Return exactly the span of lines in the following data that opens with the line containing "over z omega^k" and closes with the line containing "and to (5m)!". Include nothing else.

• Exercise input:
================================

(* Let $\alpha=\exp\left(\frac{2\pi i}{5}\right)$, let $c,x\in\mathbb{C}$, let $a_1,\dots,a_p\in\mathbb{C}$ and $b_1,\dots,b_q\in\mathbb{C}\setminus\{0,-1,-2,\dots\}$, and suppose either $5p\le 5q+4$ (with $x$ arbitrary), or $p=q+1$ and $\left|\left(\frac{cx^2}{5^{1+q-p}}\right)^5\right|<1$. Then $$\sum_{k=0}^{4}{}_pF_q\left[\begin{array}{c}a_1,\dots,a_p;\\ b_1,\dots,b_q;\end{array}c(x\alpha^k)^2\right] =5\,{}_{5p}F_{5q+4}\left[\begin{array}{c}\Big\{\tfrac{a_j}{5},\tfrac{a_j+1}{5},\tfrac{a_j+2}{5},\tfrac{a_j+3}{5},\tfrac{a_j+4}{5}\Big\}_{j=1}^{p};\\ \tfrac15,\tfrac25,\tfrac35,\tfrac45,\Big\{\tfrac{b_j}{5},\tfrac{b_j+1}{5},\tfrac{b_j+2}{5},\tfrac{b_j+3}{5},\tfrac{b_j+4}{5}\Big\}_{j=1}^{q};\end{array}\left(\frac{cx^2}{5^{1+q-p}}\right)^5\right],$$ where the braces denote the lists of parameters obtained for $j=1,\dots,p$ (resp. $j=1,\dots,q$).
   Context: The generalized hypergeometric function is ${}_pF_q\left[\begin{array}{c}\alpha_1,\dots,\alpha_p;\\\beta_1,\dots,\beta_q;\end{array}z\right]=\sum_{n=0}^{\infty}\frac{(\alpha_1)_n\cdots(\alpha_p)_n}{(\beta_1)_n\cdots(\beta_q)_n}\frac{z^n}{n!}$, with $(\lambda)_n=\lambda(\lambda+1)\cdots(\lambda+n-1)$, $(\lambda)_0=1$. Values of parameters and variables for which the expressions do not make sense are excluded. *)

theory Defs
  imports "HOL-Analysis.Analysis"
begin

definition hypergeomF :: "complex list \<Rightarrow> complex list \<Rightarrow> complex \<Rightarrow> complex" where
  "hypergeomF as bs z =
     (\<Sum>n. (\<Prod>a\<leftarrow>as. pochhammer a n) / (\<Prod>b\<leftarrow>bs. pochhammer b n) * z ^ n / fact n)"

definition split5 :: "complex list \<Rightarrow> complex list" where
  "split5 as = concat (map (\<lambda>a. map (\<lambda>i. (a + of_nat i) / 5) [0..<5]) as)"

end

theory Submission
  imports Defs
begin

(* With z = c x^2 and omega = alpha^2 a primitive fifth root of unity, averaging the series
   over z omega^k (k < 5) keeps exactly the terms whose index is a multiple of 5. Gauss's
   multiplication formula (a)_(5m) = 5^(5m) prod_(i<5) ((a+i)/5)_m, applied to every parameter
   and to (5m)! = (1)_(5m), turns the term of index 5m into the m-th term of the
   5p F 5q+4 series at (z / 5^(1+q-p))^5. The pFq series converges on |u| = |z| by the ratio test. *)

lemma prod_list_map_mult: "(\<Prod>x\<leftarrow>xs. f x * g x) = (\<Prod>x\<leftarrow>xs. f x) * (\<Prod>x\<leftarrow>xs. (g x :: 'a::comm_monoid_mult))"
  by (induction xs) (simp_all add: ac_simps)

================================

• Reply:
   over z omega^k (k < 5) keeps exactly the terms whose index is a multiple of 5. Gauss's
   multiplication formula (a)_(5m) = 5^(5m) prod_(i<5) ((a+i)/5)_m, applied to every parameter
   and to (5m)! = (1)_(5m), turns the term of index 5m into the m-th term of the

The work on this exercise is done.